Apple has officially released iOS 17, the latest major release of its mobile operating system for the iPhone. After three months of beta testing, iOS 17 is finally ready for public consumption, and it brings with it fun new features like interactive widgets, Contact Posters, a new StandBy smart display mode, multiple timers and improved notifiations, and much more.
Sadly, not every iPhone is compatible with iOS 17. Most significantly, this is the end of the road for the 2017 iPhone X, the model that ushered in Face ID and the modern edge-to-edge iPhone design, along with the iPhone 8 and iPhone 8 Plus that came out that same year.
Those models will all be left behind on iOS 16, but the good news is that as long as you have any other iPhone released in the past five years — that's an iPhone XS, XS Max, XR, or newer — you'll be able to update to iOS 17, although those older models may not be able to take advantage of all the newest features that iOS 17 has to offer. For example, you'll need at least an iPhone 11 to use back-to-back Siri requests, while more advanced videoconferencing features like studio lighting, reactions, and gestures require an iPhone 12 or newer.
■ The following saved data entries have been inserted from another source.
lemma sublinear_Inf:
  fixes S :: "'v::real_vector \<Rightarrow> real set"
  assumes ne: "\<And>v. S v \<noteq> {}" and bdd: "\<And>v. bdd_below (S v)"
    and add: "\<And>v w a b. a \<in> S v \<Longrightarrow> b \<in> S w \<Longrightarrow> \<exists>e\<in>S (v + w). e \<le> a + b"
    and scale: "\<And>v a c. a \<in> S v \<Longrightarrow> c > 0 \<Longrightarrow> c * a \<in> S (c *\<^sub>R v)"
  shows "sublinear (\<lambda>v. Inf (S v))"
  unfolding sublinear_def
proof (intro conjI allI impI)
  fix v w
  have "Inf (S (v + w)) - b \<le> Inf (S v)" if b: "b \<in> S w" for b
  proof (rule cInf_greatest[OF ne])
    fix a assume "a \<in> S v"
    then obtain e where "e \<in> S (v + w)" "e \<le> a + b" using add b by blast
    then have "Inf (S (v + w)) \<le> a + b" using cInf_lower[OF _ bdd] by fastforce
    then show "Inf (S (v + w)) - b \<le> a" by simp
  qed
  then have "Inf (S (v + w)) - Inf (S v) \<le> Inf (S w)"
    by (intro cInf_greatest[OF ne]) (auto simp: algebra_simps)
  then show "Inf (S (v + w)) \<le> Inf (S v) + Inf (S w)" by simp
next
  fix c :: real and v assume c: "c > 0"
  have "Inf (S (c *\<^sub>R v)) / c \<le> Inf (S v)"
  proof (rule cInf_greatest[OF ne])
    fix a assume "a \<in> S v"
    then have "Inf (S (c *\<^sub>R v)) \<le> c * a" using scale[OF _ c] cInf_lower[OF _ bdd] by blast
    then show "Inf (S (c *\<^sub>R v)) / c \<le> a" using c by (simp add: divide_le_eq mult.commute)
  qed
  moreover have "c * Inf (S v) \<le> Inf (S (c *\<^sub>R v))"
  proof (rule cInf_greatest[OF ne])
    fix a assume a: "a \<in> S (c *\<^sub>R v)"
    have "(1/c) * a \<in> S v" using scale[OF a, of "1/c"] c by simp
    then have "Inf (S v) \<le> (1/c) * a" using cInf_lower[OF _ bdd] by blast
    then show "c * Inf (S v) \<le> a" using c by (simp add: field_simps)
  qed
  ultimately show "Inf (S (c *\<^sub>R v)) = c * Inf (S v)" using c by (simp add: field_simps)
qed
lemma Ass_subset_Att_Hom: "Ass R M \<subseteq> Att R D"
proof
  fix p assume "p \<in> Ass R M"
  then obtain n where p: "primeideal p R" and n: "n \<in> carrier M"
    and p_eq: "p = {r \<in> carrier R. r \<odot>\<^bsub>M\<^esub> n = \<zero>\<^bsub>M\<^esub>}"
    unfolding Ass_def by blast
  define V where "V = {g \<in> carrier D. g n = \<zero>\<^bsub>E\<^esub>}"
  have V: "submodule V R D"
    unfolding V_def using n by (intro D.submoduleI') auto
  have "r \<in> p \<longleftrightarrow> (\<forall>g\<in>carrier D. r \<odot>\<^bsub>D\<^esub> g \<in> V)" if r: "r \<in> carrier R" for r
  proof -
    have "(\<forall>g\<in>carrier D. r \<odot>\<^bsub>D\<^esub> g \<in> V) \<longleftrightarrow> (\<forall>g\<in>carrier D. g (r \<odot>\<^bsub>M\<^esub> n) = \<zero>\<^bsub>E\<^esub>)"
      unfolding V_def using r n by (simp add: lin_mapsD)
    also have "\<dots> \<longleftrightarrow> r \<odot>\<^bsub>M\<^esub> n = \<zero>\<^bsub>M\<^esub>" using Hom_separates_points r n by simp
    finally show ?thesis using p_eq r by blast
  qed
  hence "p = {r \<in> carrier R. \<forall>g\<in>carrier D. r \<odot>\<^bsub>D\<^esub> g \<in> V}"
    using p_eq by blast
  thus "p \<in> Att R D" unfolding Att_def using p V by blast
qed

lemma Att_subset_Ass_Hom:
  assumes "noetherian_ring R" "has_secondary_decomposition R M"
  shows "Att R M \<subseteq> Ass R D"
proof
  fix p assume "p \<in> Att R M"
  then obtain U where p: "primeideal p R" and U: "submodule U R M"
    and p_eq: "p = {r \<in> carrier R. \<forall>n\<in>carrier M. r \<odot>\<^bsub>M\<^esub> n \<in> U}"
    unfolding Att_def by blast
  obtain Ss where secondary: "\<forall>S\<in>set Ss. secondary_submodule R M S"
    and decomp: "submodule_sum M Ss = carrier M"
    using assms(2) unfolding has_secondary_decomposition_def by blast
  define Ts where "Ts = U # filter (\<lambda>S. radical_colon R M S {\<zero>\<^bsub>M\<^esub>} \<noteq> p) Ss"
  have Ts: "\<forall>T\<in>set Ts. submodule T R M"
    using U secondary unfolding Ts_def secondary_submodule_def by auto
  have P: "submodule (submodule_sum M Ts) R M" by (rule submodule_sum_submodule[OF M.module_axioms Ts])
  obtain n where n: "n \<in> carrier M" "n \<notin> submodule_sum M Ts"
    using secondary_decomposition_sum_proper[OF M.module_axioms p U p_eq secondary]
      M.submoduleD(1)[OF P] unfolding Ts_def by blast
  then obtain f where f: "f \<in> carrier D" "\<forall>u\<in>submodule_sum M Ts. f u = \<zero>\<^bsub>E\<^esub>" "f n \<noteq> \<zero>\<^bsub>E\<^esub>"
    using exists_Hom_separating[OF P] by blast
  have "f \<noteq> \<zero>\<^bsub>D\<^esub>" using f(3) n(1) by auto
  moreover have "\<forall>S\<in>set Ss. radical_colon R M S {\<zero>\<^bsub>M\<^esub>} \<noteq> p \<longrightarrow> S \<subseteq> submodule_sum M Ts"
    using submodule_sum_upper[OF M.module_axioms Ts] unfolding Ts_def by auto
  moreover have "p \<subseteq> carrier R" using p_eq by blast
  ultimately obtain g where "g \<in> carrier D" "{r \<in> carrier R. r \<odot>\<^bsub>D\<^esub> g = \<zero>\<^bsub>D\<^esub>} = p"
    using annihilator_eq_of_secondary_decomposition[OF assms(1) _ secondary decomp P _ f(1,2)] by blast
  thus "p \<in> Ass R D" using p unfolding Ass_def by blast
qed

end

theorem mainTheorem3:
  fixes R :: "('a, 'c) ring_scheme" and m :: "'a set"
    and M :: "('a, 'b) module" and E :: "('a, 'e) module"
  assumes "noetherian_ring R" and "cring R"
    and "local_ring_with R m"
    and "injective_hull_residue R m E"
    and "module R M"
  shows "(has_primary_decomposition R M \<longrightarrow> Ass R M = Att R (Hom_mod R M E)) \<and>
         (has_secondary_decomposition R M \<longrightarrow> Att R M = Ass R (Hom_mod R M E))"
proof -
  have "module R E" using assms(4) unfolding injective_hull_residue_def injective_module_def by blast
  then interpret residue_hull_dual R M E m
    using assms(2-5) by (intro residue_hull_dual.intro hom_modules.intro residue_hull_dual_axioms.intro)
  show ?thesis
    using Ass_subset_Att_Hom Att_Hom_subset_Ass[OF assms(1)]
      Ass_Hom_subset_Att Att_subset_Ass_Hom[OF assms(1)] by blast
qed

end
Although it's very rare to run into problems with an iOS update, it's still a very good idea to have a backup of your iPhone to fall back on just in case, especially with a major iOS update like this one.
You can find the instructions on how to do this in our article on how to back up your iPhone.
Also, keep in mind that you can't restore a backup made from a newer version of iOS onto an iPhone running an older version, so you may want to keep an extra backup on your Mac or PC just in case you later need to go back to iOS 16 for some reason. Your iPhone backs up to iCloud automatically every 24 hours, and only the three most recent iCloud Backups are retained, so it won't take long for your iOS 16 backup to be pushed out of the rotation.
Now that iOS 17 has been released to the public, your iPhone will eventually fetch the update and install it automatically. However, that can take anywhere from a few days to even a few weeks, as Apple prefers to avoid forcing updates on hundreds of millions of iPhones at a time.
Fortunately, you don't have to wait for this automatic update; you can have your iPhone go out and fetch iOS 17 right away. Here's how.
Step 1: Open the Settings app on your iPhone.
Step 2: Select General.
Step 3: Select Software Update.
Step 4: If you haven't already updated to the latest release of iOS 16 (iOS 16.6.1 as of this writing), you will see an option here to install that update. Skip this and look for "Also Available" at the bottom of the screen and select Upgrade to iOS 17.
In most cases, you can go directly to iOS 17. however, if the "Upgrade to
Step 5: When the update appears, select Download and Install and agree to the terms and conditions when prompted to begin installing iOS 17.
Step 6: If you're downloading over a cellular data connection instead of Wi-Fi, you'll see an additional prompt to confirm you want to use cellular data to download the update. Select Continue to confirm, or Cancel if you'd rather wait until you have a Wi-Fi connection available.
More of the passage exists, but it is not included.